WHAT TO WORK ON ▸ Where the material below has a line containing "in M. \<top>", start repeating exactly, and keep going through the line containing "then obtain b", with no other lines.

++++ EXERCISE INPUT ++++

(* Let $(l_n)_{n\ge 1}$, $(r_n)_{n\ge 1}$ be real numbers with $l_n,r_n>0$ and $l_n+r_n=1$ for all $n\ge 1$, and let $k\ge 1$ be an integer. Let $(X_m)_{m\ge 0}$ be the birth-death chain on $\{0,1,2,\dots\}$ with these probabilities started at $X_0=k$, and let $T_\Delta$ be its first hitting time of $0$ ($T_\Delta=\infty$ if $0$ is never hit). For $n\ge 1$ set $t_n=\frac{l_1\cdots l_n}{r_1\cdots r_n}$. Suppose that $t_\infty:=\lim_{n\to\infty} t_n$ exists in $[0,\infty]$. Then for every non-decreasing sequence of stopping times $(T_m)_{m\ge 1}$ with $E[T_m]<\infty$ for all $m$ and $T_m\to T_\Delta$ almost surely, the limit $\lim_{m\to\infty}E[X_{T_m}]$ exists and $$\lim_{m\to\infty}E[X_{T_m}]=\frac{1+\frac{l_1}{r_1}+\frac{l_1l_2}{r_1r_2}+\cdots+\frac{l_1\cdots l_{k-1}}{r_1\cdots r_{k-1}}}{t_\infty},$$ where the right-hand side is interpreted as $0$ if $t_\infty=+\infty$ and as $+\infty$ if $t_\infty=0$.
   Context: The birth-death chain: $(X_m)$ is a time-homogeneous Markov chain on the nonnegative integers such that from a state $n\ge 1$ it moves to $n+1$ with probability $r_n$ and to $n-1$ with probability $l_n$ (and to no other state), while $0$ is absorbing ($p_{00}=1$). Stopping times are with respect to the natural filtration of $(X_m)$. *)

theory Defs
  imports "HOL-Probability.Probability"
begin

definition bd_trans :: "(nat \<Rightarrow> real) \<Rightarrow> (nat \<Rightarrow> real) \<Rightarrow> nat \<Rightarrow> nat \<Rightarrow> real" where
  "bd_trans l r n j =
     (if n = 0 then (if j = 0 then 1 else 0)
      else if j = Suc n then r n
      else if Suc j = n then l n
      else 0)"

definition bd_chain ::
  "'a measure \<Rightarrow> (nat \<Rightarrow> real) \<Rightarrow> (nat \<Rightarrow> real) \<Rightarrow> nat \<Rightarrow> (nat \<Rightarrow> 'a \<Rightarrow> nat) \<Rightarrow> bool" where
  "bd_chain M l r k X \<longleftrightarrow>
     prob_space M \<and>
     (\<forall>m. X m \<in> measurable M (count_space UNIV)) \<and>
     (AE x in M. X 0 x = k) \<and>
     (\<forall>m (s :: nat \<Rightarrow> nat) j.
        measure M {x \<in> space M. (\<forall>i\<le>m. X i x = s i) \<and> X (Suc m) x = j}
        = bd_trans l r (s m) j * measure M {x \<in> space M. \<forall>i\<le>m. X i x = s i})"

text \<open>Stopping time (possibly infinite) with respect to the natural filtration of X:
  each event {T = n} lies in the sigma-algebra generated by X 0, ..., X n
  (for discrete-valued X these are exactly the preimages of sets of paths).\<close>
definition nat_stopping_time ::
  "'a measure \<Rightarrow> (nat \<Rightarrow> 'a \<Rightarrow> nat) \<Rightarrow> ('a \<Rightarrow> enat) \<Rightarrow> bool" where
  "nat_stopping_time M X T \<longleftrightarrow>
     (\<forall>n::nat. \<exists>B :: nat list set.
        {x \<in> space M. T x = enat n} = {x \<in> space M. map (\<lambda>i. X i x) [0..<Suc n] \<in> B})"

definition hit_zero :: "(nat \<Rightarrow> 'a \<Rightarrow> nat) \<Rightarrow> 'a \<Rightarrow> enat" where
  "hit_zero X x = (if \<exists>n. X n x = 0 then enat (LEAST n. X n x = 0) else \<infinity>)"

text \<open>The stopped value X_T (set to 0 on the event T = infinity, which is null
  whenever T has finite expectation).\<close>
definition stopped_val :: "(nat \<Rightarrow> 'a \<Rightarrow> nat) \<Rightarrow> ('a \<Rightarrow> enat) \<Rightarrow> 'a \<Rightarrow> nat" where
  "stopped_val X T x = (case T x of enat n \<Rightarrow> X n x | \<infinity> \<Rightarrow> 0)"

definition t_seq :: "(nat \<Rightarrow> real) \<Rightarrow> (nat \<Rightarrow> real) \<Rightarrow> nat \<Rightarrow> real" where
  "t_seq l r n = (\<Prod>i=1..n. l i) / (\<Prod>i=1..n. r i)"

end

theory Submission
  imports Defs
begin

text \<open>
  With q j = (l 1 \<cdots> l j) / (r 1 \<cdots> r j), the scale function \<phi> n = q 0 + \<dots> + q (n - 1)
  is harmonic for the chain and vanishes at the absorbing state 0, so \<phi>(X) is a nonnegative
  martingale and \<phi> k is the numerator of the claimed limit. Optional stopping gives
  E \<phi>(X_T) = \<phi> k for every stopping time T of finite mean (by dominated convergence when q
  is bounded, which it is when t_\<infinity> < \<infinity>; Fatou gives \<le> in general).

  Since q n \<rightarrow> t_\<infinity>, \<phi> n is about t_\<infinity> n for large n. On the event where 0 is hit,
  X_{T_m} is eventually 0, so the contribution of bounded values to E \<phi>(X_{T_m}) vanishes and
  t_\<infinity> E X_{T_m} \<approx> E \<phi>(X_{T_m}) \<approx> \<phi> k. If t_\<infinity> > 0, then \<phi> is unbounded and by Fatou 0 is
  hit almost surely. If t_\<infinity> = 0 and 0 is missed with positive probability, then the chain
  escapes to infinity on that event (a submartingale built from \<phi>^2 shows, via Borel-Cantelli,
  that each finite set of positive states is visited finitely often), and E X_{T_m} \<rightarrow> \<infinity>
  by Fatou.
\<close>

lemma nn_integral_split_countable:
  fixes Z :: "'a \<Rightarrow> 'b::countable"
  assumes [measurable]: "Z \<in> M \<rightarrow>\<^sub>M count_space UNIV" "h \<in> borel_measurable M"
  shows "(\<integral>\<^sup>+x. h x \<partial>M) = (\<integral>\<^sup>+b. (\<integral>\<^sup>+x. h x * indicator {x\<in>space M. Z x = b} x \<partial>M) \<partial>count_space UNIV)"
proof -
  have "(\<integral>\<^sup>+b. (\<integral>\<^sup>+x. h x * indicator {x\<in>space M. Z x = b} x \<partial>M) \<partial>count_space UNIV)
      = (\<integral>\<^sup>+x. (\<integral>\<^sup>+b. h x * indicator {x\<in>space M. Z x = b} x \<partial>count_space UNIV) \<partial>M)"
    by (rule nn_integral_count_space_nn_integral[symmetric]) auto
  also have "\<dots> = (\<integral>\<^sup>+x. (\<integral>\<^sup>+b. h x * indicator {Z x} b \<partial>count_space UNIV) \<partial>M)"
    by (intro nn_integral_cong) (auto split: split_indicator)
  finally show ?thesis
    by simp
qed

lemma ennreal_add_less_add_le: "x < y \<Longrightarrow> z \<le> w \<Longrightarrow> w \<noteq> \<top> \<Longrightarrow> x + z < y + (w::ennreal)"
proof -
  assume "x < y" "z \<le> w" "w \<noteq> \<top>"
  then have "x + z \<le> x + w" "x + w < y + w"
    using ennreal_add_left_cancel_less[of w x y] by (simp_all add: add_left_mono add.commute)
  then show ?thesis
    by (rule order_le_less_trans)
qed

lemma nn_integral_tendsto_top_liminf:
  assumes [measurable]: "\<And>n. u n \<in> borel_measurable M" "E \<in> sets M"
    and top: "AE x in M. x \<in> E \<longrightarrow> (\<lambda>n. u n x) \<longlonglongrightarrow> \<top>"
  shows "\<top> * emeasure M E \<le> liminf (\<lambda>n. \<integral>\<^sup>+x. u n x \<partial>M)"
proof -
  have "\<top> * emeasure M E = (\<integral>\<^sup>+x. \<top> * indicator E x \<partial>M)"
    by (simp add: nn_integral_cmult_indicator)
  moreover have "AE x in M. \<top> * indicator E x \<le> liminf (\<lambda>n. u n x)"
    using top by eventually_elim (auto simp: lim_imp_Liminf split: split_indicator)
  ultimately have "\<top> * emeasure M E \<le> (\<integral>\<^sup>+x. liminf (\<lambda>n. u n x) \<partial>M)"
    by (simp add: nn_integral_mono_AE)
  also have "\<dots> \<le> liminf (\<lambda>n. \<integral>\<^sup>+x. u n x \<partial>M)"
    by (rule nn_integral_liminf) simp
  finally show ?thesis .
qed

lemma ennreal_tendstoI:
  fixes f :: "'b \<Rightarrow> ennreal"
  assumes lower: "\<And>b. 0 \<le> b \<Longrightarrow> ennreal b < L \<Longrightarrow> eventually (\<lambda>m. ennreal b < f m) F"
    and upper: "\<And>u. 0 < u \<Longrightarrow> L < ennreal u \<Longrightarrow> eventually (\<lambda>m. f m < ennreal u) F"
  shows "(f \<longlongrightarrow> L) F"
  unfolding order_tendsto_iff
proof safe
  fix y assume "y < L"
  then have "y < \<top>"
    using top.not_eq_extremum by fastforce
  then obtain b where "0 \<le> b" "y = ennreal b"
    using less_top_ennreal by blast
  with \<open>y < L\<close> show "eventually (\<lambda>m. y < f m) F"
    using lower by blast
next
  fix y assume "L < y"
  then obtain z where "L < z" "z < y"
    using dense by blast
  then have "z < \<top>"
    using top.not_eq_extremum by fastforce
  then obtain u where "0 \<le> u" "z = ennreal u"
    using less_top_ennreal by blast
  with \<open>L < z\<close> have "0 < u"
    by (cases "u = 0") auto
  with \<open>L < z\<close> \<open>z = ennreal u\<close> \<open>z < y\<close> show "eventually (\<lambda>m. f m < y) F"
    using upper[of u] by (auto elim: eventually_mono)
qed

++++

REPLY TO THE EXERCISE ▸
  moreover have "AE x in M. \<top> * indicator E x \<le> liminf (\<lambda>n. u n x)"
    using top by eventually_elim (auto simp: lim_imp_Liminf split: split_indicator)
  ultimately have "\<top> * emeasure M E \<le> (\<integral>\<^sup>+x. liminf (\<lambda>n. u n x) \<partial>M)"
    by (simp add: nn_integral_mono_AE)
  also have "\<dots> \<le> liminf (\<lambda>n. \<integral>\<^sup>+x. u n x \<partial>M)"
    by (rule nn_integral_liminf) simp
  finally show ?thesis .
qed

lemma ennreal_tendstoI:
  fixes f :: "'b \<Rightarrow> ennreal"
  assumes lower: "\<And>b. 0 \<le> b \<Longrightarrow> ennreal b < L \<Longrightarrow> eventually (\<lambda>m. ennreal b < f m) F"
    and upper: "\<And>u. 0 < u \<Longrightarrow> L < ennreal u \<Longrightarrow> eventually (\<lambda>m. f m < ennreal u) F"
  shows "(f \<longlongrightarrow> L) F"
  unfolding order_tendsto_iff
proof safe
  fix y assume "y < L"
  then have "y < \<top>"
    using top.not_eq_extremum by fastforce
  then obtain b where "0 \<le> b" "y = ennreal b"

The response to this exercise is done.